● What to do:
Copy the entries exactly, through the "(\<forall>u v. continuous_on" line.

● Dataset entries:

(* Let $U$ be a harmonic function on a domain $\Omega\subset\mathbb{R}^n$ with no critical points. Let $\alpha:(-\delta,\delta)\to\Omega$ be an integral curve of the vector field $\nabla U/\|\nabla U\|$. Then for every $s\in(-\delta,\delta)$, \[ \|\nabla U(\alpha(s))\|=\|\nabla U(\alpha(0))\|\exp\left((n-1)\int_0^s H(\alpha(\xi))\,d\xi\right), \] where for $p\in\Omega$, $H(p)$ is the mean curvature at $p$ of the level hypersurface $\{U=U(p)\}$ oriented by the unit normal field $\mathbf{N}=\nabla U/\|\nabla U\|$.
   Context: Mean curvature convention: for a hypersurface $M$ oriented by unit normal $\mathbf{N}$, $p\in M$ and a unit tangent vector $\mathbf{v}\in T_pM$, the normal section $M\cap\Pi_{\mathbf{v}}$ (where $\Pi_{\mathbf{v}}$ is the plane through $p$ spanned by $\mathbf{v}$ and $\mathbf{N}(p)$) has signed curvature $\kappa_p(\mathbf{v})=\langle c''(0),\mathbf{N}(p)\rangle$ for its unit-speed parametrization $c$ with $c(0)=p$, $c'(0)=\mathbf{v}$ (for a level set of $f$ with $\mathbf{N}=\nabla f/\|\nabla f\|$ this equals $-D^2_{\mathbf{v}}f(p)/\|\nabla f(p)\|$). $H(p)$ is the average of $\kappa_p(\mathbf{v})$ over the unit sphere of $T_pM$ (equivalently, $\frac{1}{n-1}$ times the sum of principal curvatures). The curve $\alpha$ has unit speed. *)

theory Defs
  imports "HOL-Analysis.Analysis"
begin

definition grad :: "('a::euclidean_space \<Rightarrow> real) \<Rightarrow> 'a \<Rightarrow> 'a" where
  "grad U x = (\<Sum>b\<in>Basis. frechet_derivative U (at x) b *\<^sub>R b)"

definition second_dir_deriv :: "('a::euclidean_space \<Rightarrow> real) \<Rightarrow> 'a \<Rightarrow> 'a \<Rightarrow> real" where
  "second_dir_deriv U p v = frechet_derivative (grad U) (at p) v \<bullet> v"

definition laplacian :: "('a::euclidean_space \<Rightarrow> real) \<Rightarrow> 'a \<Rightarrow> real" where
  "laplacian U x = (\<Sum>b\<in>Basis. second_dir_deriv U x b)"

definition C2_on :: "'a::euclidean_space set \<Rightarrow> ('a \<Rightarrow> real) \<Rightarrow> bool" where
  "C2_on \<Omega> U \<longleftrightarrow>
     (\<forall>x\<in>\<Omega>. U differentiable (at x)) \<and>
     (\<forall>x\<in>\<Omega>. grad U differentiable (at x)) \<and>
     (\<forall>u v. continuous_on \<Omega> (\<lambda>x. frechet_derivative (grad U) (at x) u \<bullet> v))"

definition harmonic_on :: "'a::euclidean_space set \<Rightarrow> ('a \<Rightarrow> real) \<Rightarrow> bool" where
  "harmonic_on \<Omega> U \<longleftrightarrow> open \<Omega> \<and> C2_on \<Omega> U \<and> (\<forall>x\<in>\<Omega>. laplacian U x = 0)"

definition level_tangent :: "('a::euclidean_space \<Rightarrow> real) \<Rightarrow> 'a \<Rightarrow> 'a set" where
  "level_tangent U p = {v. v \<bullet> grad U p = 0}"

text \<open>Normal curvature of the level set {U = U p}, oriented by N = grad U / |grad U|,
  in direction of the unit tangent vector v:  kappa_p(v) = - D^2_v U(p) / |grad U(p)|.\<close>
definition normal_curvature :: "('a::euclidean_space \<Rightarrow> real) \<Rightarrow> 'a \<Rightarrow> 'a \<Rightarrow> real" where
  "normal_curvature U p v = - second_dir_deriv U p v / norm (grad U p)"

definition orthonormal_basis_of :: "'a::euclidean_space set \<Rightarrow> 'a set \<Rightarrow> bool" where
  "orthonormal_basis_of B T \<longleftrightarrow> finite B \<and> B \<subseteq> T \<and> span B = T \<and>
     (\<forall>b\<in>B. norm b = 1) \<and> pairwise orthogonal B"

text \<open>Mean curvature: 1/(n-1) times the sum of principal curvatures, i.e. the trace of the
  second fundamental form over an orthonormal basis of the tangent space.\<close>
definition mean_curvature :: "('a::euclidean_space \<Rightarrow> real) \<Rightarrow> 'a \<Rightarrow> real" where
  "mean_curvature U p =
     (let B = (SOME B. orthonormal_basis_of B (level_tangent U p))
      in (\<Sum>e\<in>B. normal_curvature U p e) / (real DIM('a) - 1))"

end

theory Submission imports Defs begin

text \<open>For a harmonic function the trace of the Hessian vanishes. Computing this trace in an
  orthonormal basis made of the unit normal \<open>N = \<nabla>U/\<bar>\<nabla>U\<bar>\<close> and an orthonormal basis of the level
  tangent space gives \<open>(n-1) H = D\<^sup>2\<^sub>N U / \<bar>\<nabla>U\<bar>\<close>. On the other hand, along an integral curve of \<open>N\<close>
  the derivative of \<open>ln \<bar>\<nabla>U(\<alpha>(s))\<bar>\<close> is \<open>\<langle>D(\<nabla>U) N, N\<rangle> / \<bar>\<nabla>U\<bar> = D\<^sup>2\<^sub>N U / \<bar>\<nabla>U\<bar>\<close> as well, so integrating
  and exponentiating gives the formula.\<close>

definition unit_normal :: "('a::euclidean_space \<Rightarrow> real) \<Rightarrow> 'a \<Rightarrow> 'a" where
  "unit_normal U x = grad U x /\<^sub>R norm (grad U x)"

lemma orthonormal_basis_expansion:
  fixes B :: "'a::euclidean_space set"
  assumes orth: "pairwise orthogonal B" and span: "span B = UNIV"
    and norm: "\<forall>b\<in>B. norm b = 1"
  shows "(\<Sum>b\<in>B. (x \<bullet> b) *\<^sub>R b) = x"
proof -
  have "b \<bullet> b = 1" if "b \<in> B" for b
    using norm that by (simp add: norm_eq_1)
  then have sum_eq: "(\<Sum>b\<in>B. (b \<bullet> x / (b \<bullet> b)) *\<^sub>R b) = (\<Sum>b\<in>B. (x \<bullet> b) *\<^sub>R b)"
    by (simp add: inner_commute)
  define y where "y = x - (\<Sum>b\<in>B. (x \<bullet> b) *\<^sub>R b)"
  have "orthogonal y y"
    using Gram_Schmidt_step[OF orth, of y x] span by (simp add: sum_eq y_def)
  then show ?thesis
    by (simp add: y_def orthogonal_def)
qed

lemma sum_inner_orthonormal_basis_eq_Basis:
  fixes B :: "'a::euclidean_space set" and f :: "'a \<Rightarrow> 'a"
  assumes orth: "pairwise orthogonal B" and span: "span B = UNIV"
    and norm: "\<forall>b\<in>B. norm b = 1" and lin: "linear f"
  shows "(\<Sum>b\<in>B. f b \<bullet> b) = (\<Sum>c\<in>Basis. f c \<bullet> c)"
proof -
  have "(\<Sum>b\<in>B. f b \<bullet> b) = (\<Sum>b\<in>B. f (\<Sum>c\<in>Basis. (b \<bullet> c) *\<^sub>R c) \<bullet> b)"
    by (simp add: euclidean_representation)
  also have "\<dots> = (\<Sum>b\<in>B. \<Sum>c\<in>Basis. (b \<bullet> c) * (f c \<bullet> b))"
    by (simp add: linear_sum[OF lin] linear_scale[OF lin] inner_sum_left)
  also have "\<dots> = (\<Sum>c\<in>Basis. \<Sum>b\<in>B. (b \<bullet> c) * (f c \<bullet> b))"
    by (rule sum.swap)
  also have "\<dots> = (\<Sum>c\<in>Basis. f c \<bullet> (\<Sum>b\<in>B. (c \<bullet> b) *\<^sub>R b))"
    by (simp add: inner_sum_right inner_commute mult.commute)
  also have "\<dots> = (\<Sum>c\<in>Basis. f c \<bullet> c)"
    by (simp add: orthonormal_basis_expansion[OF orth span norm])
  finally show ?thesis .
qed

● Output for this exercise:
(* Let $U$ be a harmonic function on a domain $\Omega\subset\mathbb{R}^n$ with no critical points. Let $\alpha:(-\delta,\delta)\to\Omega$ be an integral curve of the vector field $\nabla U/\|\nabla U\|$. Then for every $s\in(-\delta,\delta)$, \[ \|\nabla U(\alpha(s))\|=\|\nabla U(\alpha(0))\|\exp\left((n-1)\int_0^s H(\alpha(\xi))\,d\xi\right), \] where for $p\in\Omega$, $H(p)$ is the mean curvature at $p$ of the level hypersurface $\{U=U(p)\}$ oriented by the unit normal field $\mathbf{N}=\nabla U/\|\nabla U\|$.
   Context: Mean curvature convention: for a hypersurface $M$ oriented by unit normal $\mathbf{N}$, $p\in M$ and a unit tangent vector $\mathbf{v}\in T_pM$, the normal section $M\cap\Pi_{\mathbf{v}}$ (where $\Pi_{\mathbf{v}}$ is the plane through $p$ spanned by $\mathbf{v}$ and $\mathbf{N}(p)$) has signed curvature $\kappa_p(\mathbf{v})=\langle c''(0),\mathbf{N}(p)\rangle$ for its unit-speed parametrization $c$ with $c(0)=p$, $c'(0)=\mathbf{v}$ (for a level set of $f$ with $\mathbf{N}=\nabla f/\|\nabla f\|$ this equals $-D^2_{\mathbf{v}}f(p)/\|\nabla f(p)\|$). $H(p)$ is the average of $\kappa_p(\mathbf{v})$ over the unit sphere of $T_pM$ (equivalently, $\frac{1}{n-1}$ times the sum of principal curvatures). The curve $\alpha$ has unit speed. *)

theory Defs
  imports "HOL-Analysis.Analysis"
begin

definition grad :: "('a::euclidean_space \<Rightarrow> real) \<Rightarrow> 'a \<Rightarrow> 'a" where
  "grad U x = (\<Sum>b\<in>Basis. frechet_derivative U (at x) b *\<^sub>R b)"

definition second_dir_deriv :: "('a::euclidean_space \<Rightarrow> real) \<Rightarrow> 'a \<Rightarrow> 'a \<Rightarrow> real" where
  "second_dir_deriv U p v = frechet_derivative (grad U) (at p) v \<bullet> v"

definition laplacian :: "('a::euclidean_space \<Rightarrow> real) \<Rightarrow> 'a \<Rightarrow> real" where
  "laplacian U x = (\<Sum>b\<in>Basis. second_dir_deriv U x b)"

definition C2_on :: "'a::euclidean_space set \<Rightarrow> ('a \<Rightarrow> real) \<Rightarrow> bool" where
  "C2_on \<Omega> U \<longleftrightarrow>
     (\<forall>x\<in>\<Omega>. U differentiable (at x)) \<and>
     (\<forall>x\<in>\<Omega>. grad U differentiable (at x)) \<and>
     (\<forall>u v. continuous_on \<Omega> (\<lambda>x. frechet_derivative (grad U) (at x) u \<bullet> v))"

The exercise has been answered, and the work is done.